In EU competition law, the key criteria for green self-assessments for companies are ‘fair share’ and ‘indispensability’. But how can we assess these from an economics perspective? And how can we distinguish legitimate sustainability agreements from greenwashing? We consider how the European Commission deals with consumer benefits in its Draft Horizontal Guidelines on sustainability, taking into account recent guidance on this topic from the Dutch competition authority.

In the EU, the first sustainability agreements are being tested in front of national competition authorities (NCAs) in the context of the European Commission’s Draft Horizontal Guidelines.1 The parties to these agreements often undertake a self-assessment under Article 101(3) TFEU and request guidance from the authority. We offer an economics perspective on two key criteria for these self-assessments—fair share and indispensability—and seek to provide some much-needed clarity on how to distinguish legitimate sustainability agreements from greenwashing.
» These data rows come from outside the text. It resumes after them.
(* Let $F$ be a field of characteristic $0$ and let $f\in F[X]$ be monic of degree $n\geq 1$. Let $K$ be a splitting field of $f$ over $F$, let $S(f)$ be the set of roots of $f$ in $K$, and for $\alpha\in S(f)$ let $m(\alpha)$ be the multiplicity of $\alpha$ as a root of $f$. Let $M_f\in K[X]$ be the unique polynomial of degree less than $|S(f)|$ satisfying $M_f(\alpha)=m(\alpha)$ for all $\alpha\in S(f)$. Set $f_0=f/\gcd(f,f')$, $s=\deg(f_0)$ and $P=f'/\gcd(f,f')$. Then there exist unique $g\in F_s[X]$ and $h\in F[X]$ such that $f_0'g+f_0h=1$. Moreover, for these $P$, $f_0$ and $g$, $$[M_f]=P(C_{f_0})\,[g].$$
   Context: Here $\gcd$ denotes the monic greatest common divisor and $f'$ the formal derivative. For a positive integer $s$, $F_s[X]$ denotes the subspace of $F[X]$ of polynomials of degree less than $s$, with basis $1,X,\dots,X^{s-1}$; for a polynomial $R$ of degree less than $s$ (with coefficients in $F$ or $K$), $[R]$ denotes the column vector of its coordinates $(r_0,\dots,r_{s-1})^T$ relative to $1,X,\dots,X^{s-1}$, where $R=r_0+r_1X+\dots+r_{s-1}X^{s-1}$. For a monic polynomial $q=q_0+q_1X+\cdots+q_{s-1}X^{s-1}+X^s$ of positive degree $s$, its companion matrix $C_q\in M_s(F)$ is the $s\times s$ matrix with $1$'s on the subdiagonal (entries $(i+1,i)$ for $i=1,\dots,s-1$), last column $(-q_0,-q_1,\dots,-q_{s-1})^T$, and all other entries $0$. For a polynomial $R$ and square matrix $A$, $R(A)$ denotes evaluation of $R$ at $A$. *)

theory Defs
  imports "HOL-Computational_Algebra.Polynomial_Factorial" "Jordan_Normal_Form.Matrix"
begin

definition is_field_hom :: "('a::field \<Rightarrow> 'b::field) \<Rightarrow> bool" where
  "is_field_hom \<phi> \<longleftrightarrow> \<phi> 1 = 1 \<and> (\<forall>x y. \<phi> (x + y) = \<phi> x + \<phi> y) \<and> (\<forall>x y. \<phi> (x * y) = \<phi> x * \<phi> y)"

definition is_subfield :: "'b::field set \<Rightarrow> bool" where
  "is_subfield T \<longleftrightarrow> 0 \<in> T \<and> 1 \<in> T \<and> (\<forall>x\<in>T. \<forall>y\<in>T. x + y \<in> T \<and> x * y \<in> T)
     \<and> (\<forall>x\<in>T. - x \<in> T \<and> inverse x \<in> T)"

definition root_set :: "('a::field \<Rightarrow> 'b::field) \<Rightarrow> 'a poly \<Rightarrow> 'b set" where
  "root_set \<phi> f = {\<alpha>. poly (map_poly \<phi> f) \<alpha> = 0}"

definition is_splitting_field :: "('a::field \<Rightarrow> 'b::field) \<Rightarrow> 'a poly \<Rightarrow> bool" where
  "is_splitting_field \<phi> f \<longleftrightarrow> is_field_hom \<phi>
     \<and> (\<exists>rs. map_poly \<phi> f = Polynomial.smult (\<phi> (lead_coeff f)) (\<Prod>r\<leftarrow>rs. [:- r, 1:]))
     \<and> (\<forall>T. is_subfield T \<and> range \<phi> \<subseteq> T \<and> root_set \<phi> f \<subseteq> T \<longrightarrow> T = UNIV)"

definition companion_mat :: "'a::comm_ring_1 poly \<Rightarrow> 'a mat" where
  "companion_mat q = (let s = degree q in
     mat s s (\<lambda>(i, j). if j = s - 1 then - coeff q i else if i = j + 1 then 1 else 0))"

definition poly_mat_eval :: "'a::comm_ring_1 poly \<Rightarrow> nat \<Rightarrow> 'a mat \<Rightarrow> 'a mat" where
  "poly_mat_eval R n A = foldr (\<lambda>c M. c \<cdot>\<^sub>m 1\<^sub>m n + A * M) (coeffs R) (0\<^sub>m n n)"

definition coord_vec :: "nat \<Rightarrow> 'a::zero poly \<Rightarrow> 'a vec" where
  "coord_vec s R = vec s (\<lambda>i. coeff R i)"

end

theory Submission
  imports Defs "Jordan_Normal_Form.Char_Poly"
begin

text \<open>Let \<open>G = gcd f f'\<close>. At a root \<open>\<alpha>\<close> of \<open>f\<close> of multiplicity \<open>m\<close>, \<open>(X - \<alpha>)\<^sup>m\<^sup>-\<^sup>1\<close>
  divides \<open>G\<close> exactly, so \<open>\<alpha>\<close> is a simple root of \<open>f\<^sub>0 = f / G\<close> and \<open>P = f' / G\<close> satisfies
  \<open>P(\<alpha>) = m f\<^sub>0'(\<alpha>)\<close>. Since \<open>f\<close> splits, it follows that \<open>f\<^sub>0\<close> is coprime to \<open>f\<^sub>0'\<close> and has at
  most \<open>|S(f)|\<close> roots, so \<open>s \<le> |S(f)|\<close>. If \<open>f\<^sub>0' g + f\<^sub>0 h = 1\<close>, then \<open>g(\<alpha>) = 1 / f\<^sub>0'(\<alpha>)\<close>,
  hence \<open>R = P g mod f\<^sub>0\<close> takes the value \<open>m(\<alpha>)\<close> on \<open>S(f)\<close>; as \<open>deg R < s\<close>, uniqueness of
  interpolation gives \<open>R = M\<^sub>f\<close>. Finally \<open>C\<^sub>f\<^sub>0\<close> is the matrix of multiplication by \<open>X\<close> on
  \<open>F[X]/(f\<^sub>0)\<close> in the basis \<open>1, X, \<dots>, X\<^sup>s\<^sup>-\<^sup>1\<close>, so \<open>P(C\<^sub>f\<^sub>0)[g] = [P g mod f\<^sub>0]\<close>.\<close>

lemma field_hom_if_is_field_hom:
  assumes "is_field_hom \<phi>"
  shows "field_hom \<phi>"
proof -
  have hom: "\<phi> (x + y) = \<phi> x + \<phi> y" "\<phi> (x * y) = \<phi> x * \<phi> y" "\<phi> 1 = 1" for x y
    using assms unfolding is_field_hom_def by auto
  then have "\<phi> 0 = 0"
    by (metis add_cancel_right_right add_0)
  then show ?thesis
    by unfold_locales (simp_all add: hom)
qed

lemma simple_roots_linear_factor:
  fixes p :: "'a::idom poly"
  assumes "\<And>\<alpha>. poly ([:-r, 1:] * p) \<alpha> = 0 \<Longrightarrow> poly (pderiv ([:-r, 1:] * p)) \<alpha> \<noteq> 0"
  shows "poly p r \<noteq> 0" and "\<And>\<alpha>. poly p \<alpha> = 0 \<Longrightarrow> poly (pderiv p) \<alpha> \<noteq> 0"
proof -
  have pderiv: "pderiv ([:-r, 1:] * p) = [:-r, 1:] * pderiv p + p"
    by (simp only: pderiv_mult) (simp add: pderiv_pCons)
  show "poly p r \<noteq> 0"
    using assms[of r] unfolding pderiv by simp
  show "poly (pderiv p) \<alpha> \<noteq> 0" if "poly p \<alpha> = 0" for \<alpha>
    using assms[of \<alpha>] that unfolding pderiv by simp
qed

lemma degree_le_card_roots_if_dvd_linear_prod:
  fixes p :: "'a::field poly"
  assumes "p dvd (\<Prod>r\<leftarrow>rs. [:-r, 1:])" and "p \<noteq> 0"
    and "\<And>\<alpha>. poly p \<alpha> = 0 \<Longrightarrow> poly (pderiv p) \<alpha> \<noteq> 0"
  shows "degree p \<le> card {\<alpha>. poly p \<alpha> = 0}"
  using assms
proof (induction rs arbitrary: p)
  case Nil
  then show ?case
    by (simp add: is_unit_iff_degree)
next
  case (Cons r rs)
  define L where "L = [:-r, 1:]"
  define Q where "Q = (\<Prod>r\<leftarrow>rs. [:-r, 1:])"
  have "p dvd L * Q"
    using Cons.prems(1) by (simp add: L_def Q_def)
  have "L \<noteq> 0"
    by (simp add: L_def)
  show ?case
  proof (cases "poly p r = 0")
    case True
    then have "L dvd p"
      by (simp add: L_def dvd_iff_poly_eq_0)
    then obtain p1 where p1: "p = L * p1" ..
    then have "p1 \<noteq> 0" "p1 dvd Q"
      using Cons.prems(2) \<open>p dvd L * Q\<close> by auto
    note simple = simple_roots_linear_factor[OF Cons.prems(3)[unfolded p1 L_def]]
    have "degree p = Suc (degree p1)"
      using \<open>p1 \<noteq> 0\<close> \<open>L \<noteq> 0\<close> by (simp add: p1 degree_mult_eq) (simp add: L_def)
    also have "\<dots> \<le> card (insert r {\<alpha>. poly p1 \<alpha> = 0})"
      using simple Cons.IH \<open>p1 dvd Q\<close> \<open>p1 \<noteq> 0\<close> poly_roots_finite[OF \<open>p1 \<noteq> 0\<close>]
      unfolding Q_def by fastforce
    also have "\<dots> \<le> card {\<alpha>. poly p \<alpha> = 0}"
      using True Cons.prems(2) by (intro card_mono poly_roots_finite) (auto simp: p1)
    finally show ?thesis .
  next
    case False
    from \<open>p dvd L * Q\<close> obtain k where k: "L * Q = p * k"
      by (metis dvdE)
    have "poly k r = 0"
      using arg_cong[OF k, of "\<lambda>q. poly q r"] False by (simp add: L_def)
    then have "L dvd k"
      by (simp add: L_def dvd_iff_poly_eq_0)
    then obtain k1 where "k = L * k1" ..
    then have "Q = p * k1"
      using k \<open>L \<noteq> 0\<close> by (simp add: mult.left_commute)
    then have "p dvd Q" ..
    then show ?thesis
      using Cons.IH Cons.prems(2,3) unfolding Q_def by blast
  qed
qed

lemma root_exists_if_dvd_linear_prod:
  fixes p :: "'a::field poly"
  assumes "p dvd (\<Prod>r\<leftarrow>rs. [:-r, 1:])" and "degree p > 0"
  obtains \<alpha> where "poly p \<alpha> = 0"
  using degree_le_card_roots_if_dvd_linear_prod[OF assms(1)] assms(2) by fastforce

lemma pderiv_linear_power_mult:
  fixes q :: "'a::idom poly"
  shows "pderiv ([:-\<alpha>, 1:] ^ Suc k * q)
    = [:-\<alpha>, 1:] ^ k * (Polynomial.smult (of_nat (Suc k)) q + [:-\<alpha>, 1:] * pderiv q)"
proof -
  have "pderiv ([:-\<alpha>, 1:] ^ Suc k) = Polynomial.smult (of_nat (Suc k)) ([:-\<alpha>, 1:] ^ k)"
    by (subst pderiv_power_Suc) (simp add: pderiv_pCons)
  then show ?thesis
    unfolding pderiv_mult by (simp add: algebra_simps)
qed

lemma local_cofactors_at_root:
  fixes q u f0 P :: "'a::field poly"
  assumes f_cofactor: "[:-\<alpha>, 1:] * q = f0 * u"
    and pderiv_cofactor: "Polynomial.smult c q + [:-\<alpha>, 1:] * pderiv q = P * u"
    and "poly q \<alpha> \<noteq> 0" and "c \<noteq> 0"
  shows "poly f0 \<alpha> = 0" and "poly (pderiv f0) \<alpha> \<noteq> 0"
    and "poly P \<alpha> = c * poly (pderiv f0) \<alpha>"
proof -
  from arg_cong[OF pderiv_cofactor, of "\<lambda>p. poly p \<alpha>"]
  have P_u: "c * poly q \<alpha> = poly P \<alpha> * poly u \<alpha>"
    by simp
  then have "poly u \<alpha> \<noteq> 0"
    using assms(3,4) by auto
  from arg_cong[OF f_cofactor, of "\<lambda>p. poly p \<alpha>"]
  show "poly f0 \<alpha> = 0"
    using \<open>poly u \<alpha> \<noteq> 0\<close> by simp
  moreover from arg_cong[OF f_cofactor, of "\<lambda>p. poly (pderiv p) \<alpha>"]
  have "poly q \<alpha> = poly f0 \<alpha> * poly (pderiv u) \<alpha> + poly u \<alpha> * poly (pderiv f0) \<alpha>"
    by (simp only: pderiv_mult) (simp add: pderiv_pCons)
  ultimately have q_u: "poly q \<alpha> = poly u \<alpha> * poly (pderiv f0) \<alpha>"
    by simp
  then show "poly (pderiv f0) \<alpha> \<noteq> 0"
    using assms(3) by auto
  have "poly P \<alpha> * poly u \<alpha> = c * poly (pderiv f0) \<alpha> * poly u \<alpha>"
    using P_u q_u by (metis mult.assoc mult.commute)
  then show "poly P \<alpha> = c * poly (pderiv f0) \<alpha>"
    using \<open>poly u \<alpha> \<noteq> 0\<close> by simp
qed

text \<open>The splitting field is only assumed to be a field; the hypothesis that the multiplicity is
  nonzero in it is what characteristic zero would otherwise provide.\<close>

lemma gcd_cofactors_at_root:
  fixes f f0 P G a b :: "'a::field poly"
  assumes factors: "f = f0 * G" "pderiv f = P * G"
    and combination: "G = a * f + b * pderiv f"
    and "f \<noteq> 0" and root: "poly f \<alpha> = 0"
    and multiplicity: "of_nat (order \<alpha> f) \<noteq> (0::'a)"
  shows "poly f0 \<alpha> = 0" and "poly (pderiv f0) \<alpha> \<noteq> 0"
    and "poly P \<alpha> = of_nat (order \<alpha> f) * poly (pderiv f0) \<alpha>"
proof -
  define L where "L = [:-\<alpha>, 1:]"
  obtain k where k: "order \<alpha> f = Suc k"
    using root \<open>f \<noteq> 0\<close> order_root[of f \<alpha>] not0_implies_Suc by blast
  obtain q where f: "f = L ^ Suc k * q" and "\<not> L dvd q"
    using order_decomp[OF \<open>f \<noteq> 0\<close>, of \<alpha>] unfolding k L_def by blast
  then have "poly q \<alpha> \<noteq> 0"
    by (simp add: L_def dvd_iff_poly_eq_0)
  have pderiv_f: "pderiv f = L ^ k * (Polynomial.smult (of_nat (Suc k)) q + L * pderiv q)"
    unfolding f L_def by (rule pderiv_linear_power_mult)
  have "L ^ k dvd G"
    unfolding combination pderiv_f by (intro dvd_add) (simp_all add: f)
  then obtain u where u: "G = L ^ k * u" ..
  have "L ^ k \<noteq> 0"
    by (simp add: L_def)
  moreover have "L ^ k * (L * q) = L ^ k * (f0 * u)"
    using factors(1) by (simp add: f u algebra_simps)
  moreover have "L ^ k * (Polynomial.smult (of_nat (Suc k)) q + L * pderiv q) = L ^ k * (P * u)"
    using factors(2) by (simp add: pderiv_f u algebra_simps)
  ultimately show "poly f0 \<alpha> = 0" "poly (pderiv f0) \<alpha> \<noteq> 0"
    "poly P \<alpha> = of_nat (order \<alpha> f) * poly (pderiv f0) \<alpha>"
    using local_cofactors_at_root[of \<alpha> q f0 u "of_nat (Suc k)" P] \<open>poly q \<alpha> \<noteq> 0\<close> multiplicity
    unfolding L_def k by simp_all
qed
Saving the planet or greenwashing?

Consumer willingness to pay (or a lack of it) plays a crucial role in the economic rationale behind many sustainability agreements. This is because this willingness to pay is linked to the presence or absence of a ‘first-mover disadvantage’. If there is demand for greener products and sufficient willingness to pay, a firm can unilaterally engage in greener production—as any higher costs can be passed on to consumers (see the right-hand side of Figure 1 below). An individual firm is thus not ‘penalised’ for being the first to invest in this greener production while its competitors continue to supply the old product (the ‘grey product’). In fact, it can benefit from being the first mover, as this green feature of the product then becomes a parameter over which companies compete—and there is no longer a first-mover disadvantage. In such cases, as discussed below, it is usually assumed that there is no need for competitors to coordinate, unless cooperation is ‘indispensable’ (for example, because of a need for significant investment or risk).

In some cases, however, firms may indeed face a first-mover disadvantage in producing a greener product. This is the case where competitors are able to steal market share if consumers do not value the green product (enough) and are not willing to pay the (often) higher price. Cooperation could help to overcome this issue (see the middle section of Figure 1).
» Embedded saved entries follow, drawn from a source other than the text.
lemma tri_grad_raise_vertex:
  fixes p q r n :: "real^2"
  assumes "\<not> collinear {p, q, r}" and "n \<bullet> (r - q) = 0" and "(p - q) \<bullet> n \<noteq> 0"
  shows "tri_grad p q r (a + \<delta>) b c = tri_grad p q r a b c + (\<delta> / ((p - q) \<bullet> n)) *\<^sub>R n"
proof -
  have "tri_grad p q r a b c \<bullet> (r - q) = c - b" "tri_grad p q r a b c \<bullet> (p - q) = a - b"
    using tri_grad_eq_iff[OF assms(1)] by blast+
  then show ?thesis
    using assms(2,3) unfolding tri_grad_eq_iff[OF assms(1)]
    by (simp add: inner_add_left inner_commute[of n "p - q"])
qed

lemma vertex_angle_frame:
  fixes p q r u n :: "real^2"
  assumes u: "norm u = 1" "n = perp u \<or> n = - perp u"
    and r: "0 < L" "r - q = L *\<^sub>R u" and h: "(p - q) \<bullet> n > 0"
  shows "(p - q) \<bullet> u = norm (p - q) * cos (vertex_angle p q r)"
    and "(p - q) \<bullet> n = norm (p - q) * sin (vertex_angle p q r)"
    and "0 < vertex_angle p q r" "vertex_angle p q r < pi"
proof -
  define x where "x = ((p - q) \<bullet> u) / norm (p - q)"
  have P: "norm (p - q) > 0" using h by auto
  have angle: "vertex_angle p q r = arccos x"
    using r u unfolding vertex_angle_def x_def by simp
  have x: "\<bar>x\<bar> \<le> 1"
    using P Cauchy_Schwarz_ineq2[of "p - q" u] u(1) by (simp add: x_def abs_divide)
  then have "cos (vertex_angle p q r) = x" by (simp add: angle cos_arccos_abs)
  then show cos: "(p - q) \<bullet> u = norm (p - q) * cos (vertex_angle p q r)"
    using P by (simp add: x_def)
  from frame_norm_sq[OF u, of "p - q"] have "((p - q) \<bullet> n)\<^sup>2 = (norm (p - q) * sin (vertex_angle p q r))\<^sup>2"
    unfolding cos by (simp add: power_mult_distrib sin_squared_eq algebra_simps)
  moreover have "sin (vertex_angle p q r) \<ge> 0"
    using x by (simp add: angle sin_arccos_abs abs_square_le_1)
  ultimately show sin: "(p - q) \<bullet> n = norm (p - q) * sin (vertex_angle p q r)"
    using h P by (simp add: power2_eq_iff_nonneg)
  have "0 \<le> vertex_angle p q r" "vertex_angle p q r \<le> pi"
    using x by (simp_all add: angle arccos_lbound arccos_ubound)
  moreover have "sin (vertex_angle p q r) \<noteq> 0"
    using h sin by auto
  ultimately show "0 < vertex_angle p q r" "vertex_angle p q r < pi"
    by (auto simp: order_le_less)
qed

text \<open>The distance from p to the line qr is at most the height of p over it, since the
  foot of the perpendicular lies on the line.\<close>

lemma infdist_line_le:
  fixes p q r u n :: "real^2"
  assumes u: "norm u = 1" "n = perp u \<or> n = - perp u" and r: "L \<noteq> 0" "r - q = L *\<^sub>R u"
  shows "infdist p (affine hull {q, r}) \<le> \<bar>(p - q) \<bullet> n\<bar>"
proof -
  define c where "c = ((p - q) \<bullet> u) / L"
  have foot: "q + c *\<^sub>R (r - q) \<in> affine hull {q, r}"
    unfolding affine_hull_2 by (rule CollectI, rule exI[of _ "1 - c"], rule exI[of _ c])
      (simp add: algebra_simps)
  have "c *\<^sub>R (r - q) = ((p - q) \<bullet> u) *\<^sub>R u"
    using r by (simp add: c_def)
  then have "p - (q + c *\<^sub>R (r - q)) = (p - q) - ((p - q) \<bullet> u) *\<^sub>R u"
    by (simp add: algebra_simps)
  also have "\<dots> = ((p - q) \<bullet> n) *\<^sub>R n"
    using frame_decomp[OF u, of "p - q"] by (metis add_diff_cancel_left')
  moreover have "norm n = 1"
    using frame_orthonormal(2)[OF u] by (simp add: norm_eq_sqrt_inner)
  ultimately have "dist p (q + c *\<^sub>R (r - q)) = \<bar>(p - q) \<bullet> n\<bar>"
    by (simp add: dist_norm)
  then show ?thesis using infdist_le[OF foot, of p] by simp
qed

lemma tri_grad_frame_coordinates:
  fixes p q r u n :: "real^2" and a b c :: real
  assumes nondeg: "\<not> collinear {p, q, r}"
    and u: "norm u = 1" "n = perp u \<or> n = - perp u"
    and r: "0 < dist q r" "r - q = dist q r *\<^sub>R u" and h: "(p - q) \<bullet> n > 0"
  defines "g \<equiv> tri_grad p q r a b c" and "\<theta> \<equiv> vertex_angle p q r"
  shows "g \<bullet> u = (c - b) / dist q r"
    and "norm (p - q) * ((g \<bullet> u) * cos \<theta> + (g \<bullet> n) * sin \<theta>) = a - b"
proof -
  have "g \<bullet> (r - q) = c - b" "g \<bullet> (p - q) = a - b"
    using tri_grad_eq_iff[OF nondeg] unfolding g_def by blast+
  then show "g \<bullet> u = (c - b) / dist q r"
    and "norm (p - q) * ((g \<bullet> u) * cos \<theta> + (g \<bullet> n) * sin \<theta>) = a - b"
    using r frame_inner[OF u, of g "p - q"] vertex_angle_frame[OF u r h]
    by (auto simp: \<theta>_def field_simps)
qed

text \<open>A point whose coordinates are bounded by (1 - \<epsilon>) \<sigma> (s, c) + (0, \<epsilon> \<sigma>), with (c, s)
  on the unit circle and c < 1, lies in the open disc of radius \<sigma>: the triangle
  inequality is strict because the two summands are not parallel.\<close>

lemma sum_squares_in_disc:
  fixes a b c s \<sigma> \<epsilon> :: real
  assumes a: "0 \<le> a" "a \<le> (1 - \<epsilon>) * \<sigma> * s" and b: "0 \<le> b" "b \<le> (1 - \<epsilon>) * \<sigma> * c + \<epsilon> * \<sigma>"
    and c: "0 \<le> c" "c < 1" "c\<^sup>2 + s\<^sup>2 = 1" and eps: "0 < \<epsilon>" "\<epsilon> < 1" and sig: "0 < \<sigma>"
  shows "a\<^sup>2 + b\<^sup>2 < \<sigma>\<^sup>2"
proof -
  have "a\<^sup>2 + b\<^sup>2 \<le> ((1 - \<epsilon>) * \<sigma> * s)\<^sup>2 + ((1 - \<epsilon>) * \<sigma> * c + \<epsilon> * \<sigma>)\<^sup>2"
    using a b by (intro add_mono power_mono) auto
  also have "\<dots> = \<sigma>\<^sup>2 * ((1 - \<epsilon>)\<^sup>2 * (c\<^sup>2 + s\<^sup>2) + 2 * \<epsilon> * (1 - \<epsilon>) * c + \<epsilon>\<^sup>2)"
    by (simp add: power2_eq_square algebra_simps)
  also have "\<dots> = \<sigma>\<^sup>2 - \<sigma>\<^sup>2 * (2 * \<epsilon> * (1 - \<epsilon>) * (1 - c))"
    using c(3) by (simp add: power2_eq_square algebra_simps)
  also have "\<dots> < \<sigma>\<^sup>2"
    using eps sig c(2) by simp
  finally show ?thesis .
qed

text \<open>For an acute angle B \<le> 0, and for
  an obtuse angle B \<le> (1 - \<epsilon>) \<sigma> |cos \<theta>|; both cases feed sum_squares_in_disc.\<close>

lemma raised_component_bound:
  fixes a B t \<theta> \<sigma> \<epsilon> :: real
  assumes a: "0 \<le> a" and \<theta>: "0 < \<theta>" "\<theta> < pi"
    and B: "a\<^sup>2 + B\<^sup>2 < \<sigma>\<^sup>2" and below: "a * cos \<theta> + B * sin \<theta> \<le> 0"
    and t: "0 \<le> t" "t \<le> \<epsilon> * \<sigma>" and eps: "0 < \<epsilon>" "\<epsilon> < 1" and sig: "0 < \<sigma>"
    and angle: "(\<theta> \<le> pi / 2 \<and> a \<le> (1 - \<epsilon>) * \<sigma>) \<or> (pi / 2 < \<theta> \<and> a \<le> (1 - \<epsilon>) * \<sigma> * sin \<theta>)"
  shows "a\<^sup>2 + (B + t)\<^sup>2 < \<sigma>\<^sup>2"
proof (cases "B + t \<le> 0")
  case True
  then have "(B + t)\<^sup>2 \<le> B\<^sup>2" using t by (simp add: abs_le_square_iff[symmetric])
  then show ?thesis using B by linarith
next
  case False
  have sin: "sin \<theta> > 0" using \<theta> by (rule sin_gt_zero)
  obtain c s where "0 \<le> c" "c < 1" "c\<^sup>2 + s\<^sup>2 = 1"
    and "a \<le> (1 - \<epsilon>) * \<sigma> * s" "B \<le> (1 - \<epsilon>) * \<sigma> * c"
    using angle
  proof
    assume acute: "\<theta> \<le> pi / 2 \<and> a \<le> (1 - \<epsilon>) * \<sigma>"
    then have "0 \<le> cos \<theta>" using \<theta> by (intro cos_ge_zero) auto
    then have "B * sin \<theta> \<le> 0" using below a by (smt (verit) mult_nonneg_nonneg)
    then have "B \<le> 0" using sin by (simp add: mult_le_0_iff)
    then show thesis using that[of 0 1] acute by simp
  next
    assume obtuse: "pi / 2 < \<theta> \<and> a \<le> (1 - \<epsilon>) * \<sigma> * sin \<theta>"
    have "0 < cos (pi - \<theta>)" using obtuse \<theta> by (intro cos_gt_zero_pi) auto
    then have cos: "0 \<le> - cos \<theta>" by simp
    have "(cos \<theta>)\<^sup>2 < 1" using sin sin_cos_squared_add[of \<theta>] by (smt (verit) zero_less_power)
    then have "- cos \<theta> < 1" by (simp add: abs_square_less_1 abs_less_iff)
    have "B * sin \<theta> \<le> a * (- cos \<theta>)" using below by simp
    also have "\<dots> \<le> (1 - \<epsilon>) * \<sigma> * sin \<theta> * (- cos \<theta>)"
      using obtuse cos by (intro mult_right_mono) auto
    finally have "B * sin \<theta> \<le> ((1 - \<epsilon>) * \<sigma> * (- cos \<theta>)) * sin \<theta>"
      by (simp add: algebra_simps)
    then have "B \<le> (1 - \<epsilon>) * \<sigma> * (- cos \<theta>)"
      using sin by (simp only: mult_le_cancel_right_pos)
    then show thesis
      using that[of "- cos \<theta>" "sin \<theta>"] cos \<open>- cos \<theta> < 1\<close> obtuse by simp
  qed
  then show ?thesis
    using False a t eps sig
    by (intro sum_squares_in_disc[where c = c and s = s and \<epsilon> = \<epsilon>]) auto
qed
Figure 1   Three levels of willingness to pay

Note: WTP, willingness to pay.
Source: Oxera.

Research by Schinkel and Spiegel (2017) has shown that under certain assumptions, when costs are not particularly high and consumers have at least some willingness to pay for green products, coordination will lead to lower levels of sustainability than when companies act unilaterally.2 This is referred to as ‘greenwashing’. In the authors’ model, sustainability is modelled as a parameter of quality. Hence, when firms coordinate, they can all choose a lower level of ‘green’ and ‘quality’, as this tends to be cheaper, without losing consumers to others. Under competition, firms can win consumers by investing more in green and quality—but this comes at a cost.
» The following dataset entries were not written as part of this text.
section \<open>The C*-algebra R(X,sigma) as the completion: elements are represented by
  seminorm-Cauchy sequences in R_0\<close>

definition res_cauchy :: "('a::real_vector \<Rightarrow> 'a \<Rightarrow> real) \<Rightarrow> (nat \<Rightarrow> 'a ralg) \<Rightarrow> bool" where
  "res_cauchy \<sigma> s \<longleftrightarrow> (\<forall>n. s n \<in> fa_carrier) \<and>
     (\<forall>\<epsilon>>0. \<exists>M. \<forall>m\<ge>M. \<forall>n\<ge>M. resolvent_seminorm \<sigma> (fa_diff (s m) (s n)) < \<epsilon>)"

text \<open>The element represented by s lies in the norm closure (in R(X,sigma)) of S \<subseteq> R_0.\<close>

definition res_in_closure :: "('a::real_vector \<Rightarrow> 'a \<Rightarrow> real) \<Rightarrow> (nat \<Rightarrow> 'a ralg) \<Rightarrow> 'a ralg set \<Rightarrow> bool" where
  "res_in_closure \<sigma> s S \<longleftrightarrow>
     (\<forall>\<epsilon>>0. \<exists>a\<in>S. \<exists>M. \<forall>n\<ge>M. resolvent_seminorm \<sigma> (fa_diff (s n) a) < \<epsilon>)"

text \<open>Closed linear spans in R(X,sigma).  Since R_0 is dense and multiplication is
  continuous, [A R(X,sigma)] is the closure of span (A R_0), etc.\<close>

definition right_span :: "'a ralg \<Rightarrow> 'a ralg set" where
  "right_span A = fa_span {fa_mult A B | B. B \<in> fa_carrier}"
definition left_span :: "'a ralg \<Rightarrow> 'a ralg set" where
  "left_span A = fa_span {fa_mult B A | B. B \<in> fa_carrier}"
definition two_sided_span :: "'a ralg \<Rightarrow> 'a ralg set" where
  "two_sided_span A = fa_span {fa_mult (fa_mult B A) C | B C. B \<in> fa_carrier \<and> C \<in> fa_carrier}"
If there is no or little willingness to pay, there is (also) a first-mover disadvantage. To get around the first-mover disadvantage, firms can coordinate and jointly introduce a new greener product to the market (see the left-hand side of Figure 1). This might also lower the costs for an individual firm. However, given that there is no or little willingness to pay, such agreements may be viewed with suspicion as the commercial rationale for the firms involved is not obvious.

It may therefore be difficult for NCAs to distinguish between situations where there is a genuine rationale for sustainability coordination to deliver good outcomes for firms and society, and cases where firms take advantage of the ability to coordinate to deliver good outcomes for themselves and poor outcomes for society. So how should a NCA attempt this distinction? And, in answering this question, how should firms that are seeking to coordinate for the benefit of the environment present their case to the NCA?

First, it is important to consider the economic rationale for coordination that is due to spillover effects (externalities) among the coordinating firms. When this rationale is factored in, cooperation on green goals can make more economic sense. Because of spillovers, the level of sustainability efforts by other firms actually has a positive effect on a firm achieving its own objectives.

Consider the following example. When an entire industry suffers from a poor reputation due to the environmental damage caused by its collective behaviour, any one firm may face insufficient incentives to improve the industry’s image by investing a significant amount in sustainability. However, coordinating on improving sustainability could help to improve the overall reputation of the industry, which in turn would benefit all the firms involved by (for example) increasing consumer demand.3 Hence, allowing firms to coordinate their sustainability efforts would lead to higher levels of overall effort. This agreement, while falling in the left-most box in the figure, can be considered as rational.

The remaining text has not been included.